Unlike Part 4, this film doesn't have the nostalgia card that can be pulled as an excuse for liking it. From the very first viewing of it, there just wasn't a whole lot that grabbed me back then in my past so even a sort of nudging towards liking it because it offered a strong memory while watching it doesn't exist. I can say that I always watch it in connection with Part 4 due to Alice and because I love Wilcox and her character is beloved by me. But while I could pop in my DVD copy of "The Dream Master" in the player right now and watch it easily, when my daughter was pushing me to watch "The Dream Child", I battled that hesitation ugh but relented. I think after this go-around, I'm done for a while. There are just only so many times you can go to the well and simply accept a particular film just doesn't have anything of real substance to draw. For me, that is...I've found enough evidence that Part 5 isn't without its fans. 

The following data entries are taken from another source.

lemma cantor_scheme_Pow_lepoll:
  assumes nest: "nest_complete_on T R P"
    and F: "\<And>n b Q. openin T Q \<Longrightarrow> Q \<noteq> {} \<Longrightarrow> Q \<subseteq> R \<Longrightarrow>
              openin T (F n b Q) \<and> F n b Q \<noteq> {} \<and> T closure_of F n b Q \<subseteq> Q \<and> P n (F n b Q)"
    and disjoint: "\<And>n Q. openin T Q \<Longrightarrow> Q \<noteq> {} \<Longrightarrow> Q \<subseteq> R \<Longrightarrow>
              f ` F n True Q \<inter> f ` F n False Q = {}"
  shows "Pow (UNIV :: nat set) \<lesssim> f ` R"
proof -
  define admissible where "admissible Q \<longleftrightarrow> openin T Q \<and> Q \<noteq> {} \<and> Q \<subseteq> R" for Q
  have F_admissible: "admissible (F n b Q)" "T closure_of F n b Q \<subseteq> Q" "P n (F n b Q)"
    if "admissible Q" for n b Q
  proof -
    have F_Q: "openin T (F n b Q)" "F n b Q \<noteq> {}" "T closure_of F n b Q \<subseteq> Q" "P n (F n b Q)"
      using F[of Q n b] that unfolding admissible_def by blast+
    have "F n b Q \<subseteq> Q" using closure_of_subset[OF openin_subset[OF F_Q(1)]] F_Q(3) by (rule order_trans)
    then show "admissible (F n b Q)" using F_Q(1,2) that unfolding admissible_def by blast
    show "T closure_of F n b Q \<subseteq> Q" "P n (F n b Q)" by (fact F_Q(3,4))+
  qed
  have branch: "admissible (cantor_branch F R s k)" for s k
  proof (induction k)
    case 0
    then show ?case using nest_complete_onD(1,2)[OF nest] unfolding admissible_def by simp
  next
    case (Suc k)
    then show ?case by (simp add: F_admissible(1))
  qed
  have "(\<Inter>k. cantor_branch F R s k) \<noteq> {}" for s
  proof (rule nest_complete_onD(4)[OF nest])
    fix k
    show "openin T (cantor_branch F R s k) \<and> cantor_branch F R s k \<noteq> {} \<and>
      T closure_of cantor_branch F R s (Suc k) \<subseteq> cantor_branch F R s k \<and>
      P k (cantor_branch F R s (Suc k))"
      using branch[of s k] F_admissible(2,3)[OF branch[of s k]] unfolding admissible_def by simp
  qed simp
  then have "\<forall>s. \<exists>x. \<forall>k. x \<in> cantor_branch F R s k" by blast
  then obtain X where X: "\<And>s k. X s \<in> cantor_branch F R s k" unfolding choice_iff by blast
  have X_inj: "s = t" if eq: "f (X s) = f (X t)" for s t
  proof (rule ccontr)
    assume "s \<noteq> t"
    then obtain k where k: "s k \<noteq> t k" and branches_agree: "cantor_branch F R s k = cantor_branch F R t k"
      by (rule cantor_branches_separate)
    define Q where "Q = cantor_branch F R s k"
    have Q_t: "Q = cantor_branch F R t k" unfolding Q_def by (fact branches_agree)
    have "f ` F k True Q \<inter> f ` F k False Q = {}"
      using branch[of s k] unfolding Q_def admissible_def by (intro disjoint) simp_all
    then have disjoint_st: "f ` F k (s k) Q \<inter> f ` F k (t k) Q = {}"
      using k by (cases "s k") (simp_all add: Int_commute)
    have "X s \<in> F k (s k) Q" using X[of s "Suc k"] by (simp add: Q_def)
    then have "f (X s) \<in> f ` F k (s k) Q" by (rule imageI)
    moreover have "X t \<in> F k (t k) Q" using X[of t "Suc k"] by (simp add: Q_t)
    then have "f (X s) \<in> f ` F k (t k) Q" unfolding eq by (rule imageI)
    ultimately show False using disjoint_st by blast
  qed
  show ?thesis unfolding lepoll_def
  proof (intro exI conjI)
    show "inj_on (\<lambda>S. f (X (\<lambda>n. n \<in> S))) (Pow UNIV)"
      by (rule inj_onI) (metis X_inj Collect_mem_eq)
    show "(\<lambda>S. f (X (\<lambda>n. n \<in> S))) ` Pow UNIV \<subseteq> f ` R"
      using X[of _ 0] by auto
  qed
qed
(* In the changepoint model of the context, for $0<i\le n$, $$\tilde q_i=\sum_{\ell=i}^{n-1}\tilde c_{i\ell}\,\tilde q_{\ell+1}+\tilde c_{in}.$$
   Context: Model: Let $n\ge 1$ and fix observed data $y_1,\dots,y_n$. Let $(\mathbb X,\mathcal X)$, $(\mathbb Y,\mathcal Y)$ be standard Borel spaces, $\psi$ a $\sigma$-finite measure on $(\mathbb Y,\mathcal Y)$, $\mathcal J$ a probability measure on $(\mathbb X,\mathcal X)$, and $q_{ji}\in[0,1]$ for $0\le j<i\le n$. The model consists of random variables $C_i\in\{0,\dots,i\}$, $X_i\in\mathbb X$, $Y_i\in\mathbb Y$, $i=1,\dots,n$, with joint law factorizing as: $P(C_1=0)=q_{01}$, $P(C_1=1)=1-q_{01}$; for $i\ge2$, $C_i$ depends on the past only through $C_{i-1}$, with $P(C_i=j\mid C_{i-1}=j)=q_{ji}$ and $P(C_i=i\mid C_{i-1}=j)=1-q_{ji}$ ($0\le j\le i-1$); $X_1\sim\mathcal J$ independent of $C_1$; for $i\ge 2$, $X_i$ depends on the past only through $(C_i,X_{i-1})$, with $X_i\sim\mathcal J$ if $C_i=i$ and $X_i=X_{i-1}$ if $C_i<i$; $Y_i$ depends on all other variables only through $X_i$, with density $p(Y_i=y\mid X_i=x)$ w.r.t. $\psi$. Assume $\int\prod_{\ell=j}^i p(Y_\ell=y_\ell\mid X_\ell=x)\,\mathcal J(dx)>0$ for all $0<j\le i\le n$. $Y_{a:b}=y_{a:b}$ abbreviates $Y_a=y_a,\dots,Y_b=y_b$. Notation: $\tilde c_{ji}=P(C_i=j\mid C_{i+1}=i+1,Y_{1:i}=y_{1:i})$ for $0<i<n$, and $\tilde c_{jn}=P(C_n=j\mid Y_{1:n}=y_{1:n})$; $\tilde q_i=P(C_i=i\mid Y_{1:n}=y_{1:n})$. *)

theory Defs
  imports "HOL-Probability.Probability"
begin

text \<open>A changepoint path is a function c with c i = C_i for
  i in {1..n}, c i \<le> i, and c i = 0 outside {1..n} (in particular c 0 = 0,
  which makes the law of C_1 a special case of the general transition).\<close>

definition cpaths :: "nat \<Rightarrow> (nat \<Rightarrow> nat) set" where
  "cpaths n = {c. (\<forall>i\<in>{1..n}. c i \<le> i) \<and> (\<forall>i. i \<notin> {1..n} \<longrightarrow> c i = 0)}"

text \<open>Transition probability P(C_i = k | C_{i-1} = j).\<close>
definition ctrans :: "(nat \<Rightarrow> nat \<Rightarrow> real) \<Rightarrow> nat \<Rightarrow> nat \<Rightarrow> nat \<Rightarrow> real" where
  "ctrans q i j k = (if k = i then 1 - q j i else if k = j then q j i else 0)"

definition cprior :: "(nat \<Rightarrow> nat \<Rightarrow> real) \<Rightarrow> nat \<Rightarrow> (nat \<Rightarrow> nat) \<Rightarrow> real" where
  "cprior q n c = (\<Prod>i\<in>{1..n}. ctrans q i (c (i - 1)) (c i))"

fun xpath :: "(nat \<Rightarrow> nat) \<Rightarrow> (nat \<Rightarrow> 'x) \<Rightarrow> nat \<Rightarrow> 'x" where
  "xpath c z 0 = z 0"
| "xpath c z (Suc i) = (if i = 0 \<or> c (Suc i) = Suc i then z (Suc i) else xpath c z i)"
(* Assume $\mathcal R_0>1$, let $k$ satisfy $$\frac{\beta_E\nu\nu_E-(\nu_E+\delta_E)\delta_F}{\beta_E\nu\nu_E-(1-\gamma_s)(\nu_E+\delta_E)\delta_F}\,\delta_s<k<\delta_s,$$ and let $\kappa>0$ satisfy $$\frac{\delta_s-k}{k}\le\kappa\le\frac{\gamma_s\delta_F(\nu_E+\delta_E)}{\beta_E\nu\nu_E-\delta_F(\nu_E+\delta_E)}.$$ Then $\mathcal M(\kappa):=\mathcal T_1\cap\mathcal T_2(\kappa)\cap\mathcal T_3$ is positively invariant (for all Filippov solutions) for the closed-loop system $$\dot E=\beta_E F\Big(1-\frac EK\Big)-(\nu_E+\delta_E)E,\quad \dot M=(1-\nu)\nu_E E-\delta_M M,\quad \dot F=\nu\nu_E E\frac{M}{M+\gamma_sM_s}-\delta_F F,\quad \dot M_s=k(M+M_s)-\delta_sM_s.$$
   Context: Parameters: $\beta_E,\nu_E,\delta_E,\delta_M,\delta_F,\delta_s,K>0$, $\nu\in(0,1)$, $\gamma_s\in(0,1]$, $\delta_s\ge\delta_M$. $\mathcal R_0:=\dfrac{\beta_E\nu\nu_E}{\delta_F(\nu_E+\delta_E)}$. $\mathcal D'=[0,+\infty)^4$ with points $z=(E,M,F,M_s)^T$. Sets: $\mathcal T_1=\{z\in\mathcal D':\beta_EF(1-E/K)\le(\nu_E+\delta_E)E\}$, $\mathcal T_2(\kappa)=\{z\in\mathcal D':M\le\kappa M_s\}$, $\mathcal T_3=\{z\in\mathcal D':(1-\nu)\nu_EE\le\delta_MM\}$. Solutions are Filippov solutions: locally Lipschitz $z:I\to\mathcal D'$ with $\dot z(t)\in\bigcap_{\varepsilon>0}\bigcap_{N}\overline{\mathrm{conv}}\,X\big(((z(t)+\varepsilon B)\cap\mathcal D')\setminus N\big)$ for a.e. $t$, where $X$ is the closed-loop right-hand side, $B$ the unit ball of $\mathbb R^4$, $N$ ranging over Lebesgue-null sets. Positive invariance: every Filippov solution with $z(0)\in\mathcal M(\kappa)$ stays in $\mathcal M(\kappa)$ for all $t\ge0$. *)

theory Defs
  imports "HOL-Analysis.Analysis"
begin

text \<open>State vector z = (E, M, F, M_s) in real^4, components z$1, z$2, z$3, z$4.\<close>

definition Dprime :: "(real^4) set" where
  "Dprime = {z. \<forall>i. 0 \<le> z $ i}"

definition R0 :: "real \<Rightarrow> real \<Rightarrow> real \<Rightarrow> real \<Rightarrow> real \<Rightarrow> real" where
  "R0 \<beta>E \<nu> \<nu>E \<delta>E \<delta>F = (\<beta>E * \<nu> * \<nu>E) / (\<delta>F * (\<nu>E + \<delta>E))"

definition T1 :: "real \<Rightarrow> real \<Rightarrow> real \<Rightarrow> real \<Rightarrow> (real^4) set" where
  "T1 \<beta>E \<nu>E \<delta>E K = {z \<in> Dprime.
     \<beta>E * z$3 * (1 - z$1 / K) \<le> (\<nu>E + \<delta>E) * z$1}"

definition T2 :: "real \<Rightarrow> (real^4) set" where
  "T2 \<kappa> = {z \<in> Dprime. z$2 \<le> \<kappa> * z$4}"

definition T3 :: "real \<Rightarrow> real \<Rightarrow> real \<Rightarrow> (real^4) set" where
  "T3 \<nu> \<nu>E \<delta>M = {z \<in> Dprime. (1 - \<nu>) * \<nu>E * z$1 \<le> \<delta>M * z$2}"

definition Mset :: "real \<Rightarrow> real \<Rightarrow> real \<Rightarrow> real \<Rightarrow> real \<Rightarrow> real \<Rightarrow> real \<Rightarrow> (real^4) set" where
  "Mset \<beta>E \<nu>E \<delta>E K \<nu> \<delta>M \<kappa> = T1 \<beta>E \<nu>E \<delta>E K \<inter> T2 \<kappa> \<inter> T3 \<nu> \<nu>E \<delta>M"

text \<open>Closed-loop right-hand side. At M + \<gamma>_s M_s = 0 the division yields 0
  (Isabelle convention); this is a Lebesgue-null set and is irrelevant for Filippov solutions.\<close>
definition Xcl :: "real \<Rightarrow> real \<Rightarrow> real \<Rightarrow> real \<Rightarrow> real \<Rightarrow> real \<Rightarrow> real \<Rightarrow> real \<Rightarrow> real \<Rightarrow> real
    \<Rightarrow> real^4 \<Rightarrow> real^4" where
  "Xcl \<beta>E \<nu>E \<delta>E \<delta>M \<delta>F \<delta>s K \<nu> \<gamma>s k z =
     vector [ \<beta>E * z$3 * (1 - z$1 / K) - (\<nu>E + \<delta>E) * z$1,
              (1 - \<nu>) * \<nu>E * z$1 - \<delta>M * z$2,
              \<nu> * \<nu>E * z$1 * (z$2 / (z$2 + \<gamma>s * z$4)) - \<delta>F * z$3,
              k * (z$2 + z$4) - \<delta>s * z$4 ]"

Alice has been the magnet towards the film at all. Even Englund, emerging as an inmate in a "memory" Alice is able to dream about (even sometimes in Amanda's place), as Freddy, doesn't really factor much at all as a lure towards the film. In fact, besides his popping out of water spitting some out like a water fountain in Yvonne's nightmare, and getting pulled apart by the 100 maniacs (mentioned in a previous "report" of the film during my "Nightmare Nights" series for the blog), Freddy's presence was becoming less of a draw. There were times -- Super Freddy in a comic book nightmare and dressed as a cook with "Bon appétit bitch" -- Freddy was even so cringe I had to try and replace how far the character had fallen even by Part 4 standards with where he is at in "The Dream Child".

I have a podcast YouTuber with a Freddy baby by his side and a big Dream Child poster behind him talking about horror films he loves. I appreciate his enthusiasm, and when he talks up "Dream Child", even as he acknowledges that it isn't particularly a quality picture, it does influence me to try and try again. But, at some point, I just have to move on. That is a great poster for the film, though. That is something the Nightmare franchise can claim above other franchises...those posters are killer.